Hi Bright, this looks like an interesting homework assignment :-). Easy way to do this would be to extract values for the various metadata fields during indexing (ie count the words and put it into a word-count field, find a way to quantify document importance, etc). Then build different queries with different fields and weights (boosts) to represent different custom ranking algorithms. For the recall and precision, you will need to decide for a set of queries (say 30-50), the documents that should be returned for the query - this is your gold set. For each query then, compute precision as the number of matches between your result and the gold set and recall as the number of results that showed up divided by the total number of results for that query in the gold set. For the score breakdown, you should consider using the explain plan. I am assuming you are using Lucene or Lucene based search tools. Also, if you are feeling adventurous, check out function queries - gives you more control but its slow, so you should prefer baking in metadata to using function queries if possible.

Unknown said...

Dear sir,

thank you for your post its really very good ..

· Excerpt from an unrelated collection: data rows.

lemma degen_low_vertex:
  assumes "sgraph V E" "W \<subseteq> V" "W \<noteq> {}"
  obtains w where "w \<in> W" "card {u\<in>W. E w u} \<le> degen V E"
  using degen_le_iff[OF assms(1), of "degen V E"] assms(2,3) by blast

lemma mindeg_ge_le_degen:
  assumes "sgraph V E" "W \<subseteq> V" "mindeg_ge E W k"
  shows "k \<le> degen V E"
proof -
  have "W \<noteq> {}" using assms(3) unfolding mindeg_ge_def by simp
  then obtain w where "w \<in> W" "card {u\<in>W. E w u} \<le> degen V E"
    using degen_low_vertex[OF assms(1,2)] by blast
  then show ?thesis using assms(3) unfolding mindeg_ge_def by force
qed

lemma ex_mindeg_ge_degen:
  assumes "sgraph V E" "V \<noteq> {}"
  obtains W where "W \<subseteq> V" "mindeg_ge E W (degen V E)"
proof (cases "degen V E = 0")
  case True
  then show ?thesis using that[of V] assms(2) unfolding mindeg_ge_def by simp
next
  case False
  then have "\<not> degen V E \<le> degen V E - 1" by simp
  then obtain W where "W \<subseteq> V" "W \<noteq> {}" "\<forall>w\<in>W. degen V E - 1 < card {u\<in>W. E w u}"
    unfolding degen_le_iff[OF assms(1)] by (auto simp: not_le)
  moreover have "degen V E \<le> c" if "degen V E - 1 < c" for c using False that by linarith
  ultimately show ?thesis using that[of W] unfolding mindeg_ge_def by blast
qed

lemma sgraph_strong_prod:
  assumes "sgraph V1 E1" "sgraph V2 E2"
  shows "sgraph (strong_prod_V V1 V2) (strong_prod_E V1 E1 V2 E2)"
  using assms unfolding sgraph_def strong_prod_V_def strong_prod_E_def by auto

lemma strong_prod_E_Pair:
  "strong_prod_E V1 E1 V2 E2 (a, b) (x, y) \<longleftrightarrow>
     a \<in> V1 \<and> b \<in> V2 \<and> x \<in> V1 \<and> y \<in> V2 \<and> (a, b) \<noteq> (x, y) \<and> (a = x \<or> E1 a x) \<and> (b = y \<or> E2 b y)"
  unfolding strong_prod_E_def by auto

lemma strong_prod_E_swap:
  "strong_prod_E V2 E2 V1 E1 (prod.swap x) (prod.swap y) \<longleftrightarrow> strong_prod_E V1 E1 V2 E2 x y"
  unfolding strong_prod_E_def by (cases x, cases y) auto

lemma mindeg_ge_strong_prod:
  assumes g1: "sgraph V1 E1" and g2: "sgraph V2 E2"
    and "W1 \<subseteq> V1" and W1: "mindeg_ge E1 W1 k1" and "W2 \<subseteq> V2" and W2: "mindeg_ge E2 W2 k2"
  shows "mindeg_ge (strong_prod_E V1 E1 V2 E2) (W1 \<times> W2) (k1 + k2 + k1 * k2)"
proof (rule mindeg_geI)
  have "finite W1" "finite W2"
    using g1 g2 \<open>W1 \<subseteq> V1\<close> \<open>W2 \<subseteq> V2\<close> finite_subset unfolding sgraph_def by blast+
  then show "finite (W1 \<times> W2)" by simp
  show "W1 \<times> W2 \<noteq> {}" using W1 W2 unfolding mindeg_ge_def by simp
  fix v assume "v \<in> W1 \<times> W2"
  then obtain a b where v: "v = (a, b)" "a \<in> W1" "b \<in> W2" by auto
  define N1 where "N1 = {u\<in>W1. E1 a u}"
  define N2 where "N2 = {u\<in>W2. E2 b u}"
  have "a \<notin> N1" "b \<notin> N2" using g1 g2 unfolding N1_def N2_def sgraph_def by auto
  have "finite N1" "finite N2" using \<open>finite W1\<close> \<open>finite W2\<close> unfolding N1_def N2_def by simp_all
  have "k1 \<le> card N1" "k2 \<le> card N2" using W1 W2 v unfolding N1_def N2_def mindeg_ge_def by auto
  define S where "S = (insert a N1 \<times> insert b N2) - {(a, b)}"
  have "card S = card (insert a N1 \<times> insert b N2) - 1"
    unfolding S_def using \<open>finite N1\<close> \<open>finite N2\<close> by (intro card_Diff_singleton) auto
  also have "\<dots> = (card N1 + 1) * (card N2 + 1) - 1"
    unfolding card_cartesian_product using \<open>finite N1\<close> \<open>finite N2\<close> \<open>a \<notin> N1\<close> \<open>b \<notin> N2\<close> by simp
  also have "k1 + k2 + k1 * k2 \<le> \<dots>"
  proof -
    have "(k1 + 1) * (k2 + 1) \<le> (card N1 + 1) * (card N2 + 1)"
      using \<open>k1 \<le> card N1\<close> \<open>k2 \<le> card N2\<close> by (intro mult_le_mono) auto
    then show ?thesis by simp
  qed
  finally have "k1 + k2 + k1 * k2 \<le> card S" .
  moreover have "S \<subseteq> W1 \<times> W2" using v unfolding S_def N1_def N2_def by auto
  moreover have "\<forall>u\<in>S. strong_prod_E V1 E1 V2 E2 v u"
    using v \<open>W1 \<subseteq> V1\<close> \<open>W2 \<subseteq> V2\<close> unfolding S_def N1_def N2_def by (auto simp: strong_prod_E_Pair)
  ultimately show "\<exists>S\<subseteq>W1 \<times> W2. k1 + k2 + k1 * k2 \<le> card S \<and> (\<forall>u\<in>S. strong_prod_E V1 E1 V2 E2 v u)"
    by blast
qed

lemma ex_max_degree_vertex:
  assumes "sgraph V E" "V \<noteq> {}"
  obtains v where "v \<in> V" "degree V E v = max_degree V E"
proof -
  have "finite V" using assms(1) unfolding sgraph_def by simp
  then have "max_degree V E = Max (degree V E ` V)"
    unfolding max_degree_def using assms(2) by (simp add: Max_insert)
  also have "\<dots> \<in> degree V E ` V" using \<open>finite V\<close> assms(2) by (intro Max_in) auto
  finally show ?thesis using that by auto
qed

lemma max_degree_pos:
  assumes "sgraph V E" "E p q"
  shows "0 < max_degree V E"
proof -
  have "finite V" "p \<in> V" "q \<in> V" using assms unfolding sgraph_def by auto
  then have "0 < degree V E p" unfolding degree_def using assms(2) by (auto simp: card_gt_0_iff)
  also have "degree V E p \<le> max_degree V E"
    unfolding max_degree_def using \<open>finite V\<close> \<open>p \<in> V\<close> by (intro Max_ge) auto
  finally show ?thesis .
qed

definition biclique :: "'a set \<Rightarrow> ('a \<Rightarrow> 'a \<Rightarrow> bool) \<Rightarrow> 'a set \<Rightarrow> 'a set \<Rightarrow> bool" where
  "biclique V E A B \<longleftrightarrow>
     A \<subseteq> V \<and> B \<subseteq> V \<and> A \<noteq> {} \<and> B \<noteq> {} \<and> A \<inter> B = {} \<and> (\<forall>a\<in>A. \<forall>b\<in>B. E a b)"

lemma contains_Kst_biclique:
  assumes "contains_Kst V E s t" "1 \<le> s" "1 \<le> t"
  obtains A B where "biclique V E A B" "card A = s" "card B = t"
proof -
  obtain A B where AB: "A \<subseteq> V" "B \<subseteq> V" "A \<inter> B = {}" "\<forall>a\<in>A. \<forall>b\<in>B. E a b"
    and card: "card A = s" "card B = t"
    using assms(1) unfolding contains_Kst_def by blast
  moreover have "A \<noteq> {}" "B \<noteq> {}" using assms(2,3) card by auto
  ultimately show ?thesis using that unfolding biclique_def by blast
qed

lemma biclique_nbrs:
  assumes "sgraph V E" "v \<in> V" "0 < degree V E v"
  shows "biclique V E {v} {u\<in>V. E v u}"
  using assms unfolding biclique_def sgraph_def degree_def by (auto simp: card_gt_0_iff)

lemma biclique_finite:
  assumes "sgraph V E" "biclique V E A B"
  shows "finite A" "finite B"
  using assms finite_subset unfolding sgraph_def biclique_def by blast+

lemma biclique_adj:
  assumes "sgraph V E" "biclique V E A B" "a \<in> A" "b \<in> B"
  shows "E a b" "E b a" "a \<noteq> b"
  using assms unfolding sgraph_def biclique_def by blast+

lemma mindeg_ge_biclique:
  assumes "sgraph V E" "biclique V E A B"
  shows "mindeg_ge E (A \<union> B) (min (card A) (card B))"
proof (rule mindeg_geI)
  show "finite (A \<union> B)" "A \<union> B \<noteq> {}"
    using biclique_finite[OF assms] assms(2) unfolding biclique_def by auto
  fix v assume "v \<in> A \<union> B"
  then show "\<exists>S\<subseteq>A \<union> B. min (card A) (card B) \<le> card S \<and> (\<forall>u\<in>S. E v u)"
    using biclique_adj[OF assms] by (metis Un_upper1 Un_upper2 UnE min.cobounded1 min.cobounded2)
qed

lemma mindeg_ge_strong_prod_biclique:
  assumes g1: "sgraph V1 E1" and g2: "sgraph V2 E2"
    and K1: "biclique V1 E1 A1 B1" and K2: "biclique V2 E2 A2 B2"
  shows "mindeg_ge (strong_prod_E V1 E1 V2 E2) (A1 \<times> A2 \<union> A1 \<times> B2 \<union> B1 \<times> A2)
           (min (card B1 + card B2) (min (card A1 * (card B2 + 1)) (card A2 * (card B1 + 1))))"
    (is "mindeg_ge ?E ?W ?k")
proof (rule mindeg_geI)
  note fin = biclique_finite[OF g1 K1] biclique_finite[OF g2 K2]
  note adj1 = biclique_adj[OF g1 K1] and adj2 = biclique_adj[OF g2 K2]
  have sub: "A1 \<subseteq> V1" "B1 \<subseteq> V1" "A2 \<subseteq> V2" "B2 \<subseteq> V2" "A1 \<noteq> {}" "A2 \<noteq> {}"
    using K1 K2 unfolding biclique_def by auto
  show "finite ?W" using fin by simp
  show "?W \<noteq> {}" using sub by simp
  fix v assume "v \<in> ?W"
  then consider a b where "v = (a, b)" "a \<in> A1" "b \<in> A2"
    | a b where "v = (a, b)" "a \<in> A1" "b \<in> B2"
    | a b where "v = (a, b)" "a \<in> B1" "b \<in> A2"
    by auto
  then show "\<exists>S\<subseteq>?W. ?k \<le> card S \<and> (\<forall>u\<in>S. ?E v u)"
  proof cases
    case 1
    have nbrs: "\<forall>x\<in>B1. E1 a x \<and> a \<noteq> x" "\<forall>y\<in>B2. E2 b y \<and> b \<noteq> y" using 1 adj1 adj2 by blast+
    then have "card ({a} \<times> B2 \<union> B1 \<times> {b}) = card B2 + card B1"
      using fin by (subst card_Un_disjoint) (auto simp: card_cartesian_product)
    moreover have "\<forall>u\<in>{a} \<times> B2 \<union> B1 \<times> {b}. ?E v u"
      using 1 sub nbrs by (auto simp: strong_prod_E_Pair)
    ultimately show ?thesis using 1 by (intro exI[of _ "{a} \<times> B2 \<union> B1 \<times> {b}"]) auto
  next
    case 2
    have nbrs: "\<forall>x\<in>B1. E1 a x \<and> a \<noteq> x" "\<forall>y\<in>A2. E2 b y \<and> b \<noteq> y" using 2 adj1 adj2 by blast+
    then have "card (insert a B1 \<times> A2) = (card B1 + 1) * card A2"
      using fin by (auto simp: card_cartesian_product)
    moreover have "\<forall>u\<in>insert a B1 \<times> A2. ?E v u"
      using 2 sub nbrs by (auto simp: strong_prod_E_Pair)
    ultimately show ?thesis using 2 by (intro exI[of _ "insert a B1 \<times> A2"]) (auto simp: mult.commute)
  next
    case 3
    have nbrs: "\<forall>x\<in>A1. E1 a x \<and> a \<noteq> x" "\<forall>y\<in>B2. E2 b y \<and> b \<noteq> y" using 3 adj1 adj2 by blast+
    then have "card (A1 \<times> insert b B2) = card A1 * (card B2 + 1)"
      using fin by (auto simp: card_cartesian_product)
    moreover have "\<forall>u\<in>A1 \<times> insert b B2. ?E v u"
      using 3 sub nbrs by (auto simp: strong_prod_E_Pair)
    ultimately show ?thesis using 3 by (intro exI[of _ "A1 \<times> insert b B2"]) auto
  qed
qed

lemma mindeg_ge_strong_prod_biclique_cross:
  assumes g1: "sgraph V1 E1" and g2: "sgraph V2 E2"
    and K1: "biclique V1 E1 A1 B1" and K2: "biclique V2 E2 A2 B2"
  shows "mindeg_ge (strong_prod_E V1 E1 V2 E2) (A1 \<times> B2 \<union> B1 \<times> A2)
           (min (card A1 * card B2) (card A2 * card B1))"
    (is "mindeg_ge ?E ?W ?k")
proof (rule mindeg_geI)
  note fin = biclique_finite[OF g1 K1] biclique_finite[OF g2 K2]
  note adj1 = biclique_adj[OF g1 K1] and adj2 = biclique_adj[OF g2 K2]
  have sub: "A1 \<subseteq> V1" "B1 \<subseteq> V1" "A2 \<subseteq> V2" "B2 \<subseteq> V2" "A1 \<noteq> {}" "B2 \<noteq> {}"
    using K1 K2 unfolding biclique_def by auto
  show "finite ?W" using fin by simp
  show "?W \<noteq> {}" using sub by simp
  fix v assume "v \<in> ?W"
  then consider a b where "v = (a, b)" "a \<in> A1" "b \<in> B2"
    | a b where "v = (a, b)" "a \<in> B1" "b \<in> A2"
    by auto
  then show "\<exists>S\<subseteq>?W. ?k \<le> card S \<and> (\<forall>u\<in>S. ?E v u)"
  proof cases
    case 1
    have nbrs: "\<forall>x\<in>B1. E1 a x \<and> a \<noteq> x" "\<forall>y\<in>A2. E2 b y \<and> b \<noteq> y" using 1 adj1 adj2 by blast+
    then have "\<forall>u\<in>B1 \<times> A2. ?E v u" using 1 sub by (auto simp: strong_prod_E_Pair)
    then show ?thesis by (intro exI[of _ "B1 \<times> A2"]) (auto simp: card_cartesian_product mult.commute)
  next
    case 2
    have nbrs: "\<forall>x\<in>A1. E1 a x \<and> a \<noteq> x" "\<forall>y\<in>B2. E2 b y \<and> b \<noteq> y" using 2 adj1 adj2 by blast+
    then have "\<forall>u\<in>A1 \<times> B2. ?E v u" using 2 sub by (auto simp: strong_prod_E_Pair)
    then show ?thesis by (intro exI[of _ "A1 \<times> B2"]) (auto simp: card_cartesian_product)
  qed
qed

i'm interesting to apply LSA for finding similar documents, as follow :

when large documents represented is a VSM (vector space model) then every row represent doc-name, columns are unique words and entries are TF-IDF values then my problem start from here

when applying LSA for dimension reduction, there are three matrices will produces, i will interest to applying clustering algorithm on the appropirate matrix will find similar documents as groups (clusters) so which matrix it will suit for that , thanks

i'm looking for explanatin of how to apply that ?

Sujit Pal said...

Thanks for the kind words Ahmed. If you are doing SVD decomposition, then the document-term matrix gets split up into a document (U), singular (S) and term (V.T) matrices. Assume your original matrix M was of size (50, 5000) (50 docs x 5000 terms), the sizes of U, S and V.T will be (50,5000), (5000,5000) and (5000, 5000). For clustering, I think you will have to reconstruct the matrix using a smaller S (and corresponding cuts on U cols and V.T rows), then compute M.T * M to get the document cooccurrence matrix by term.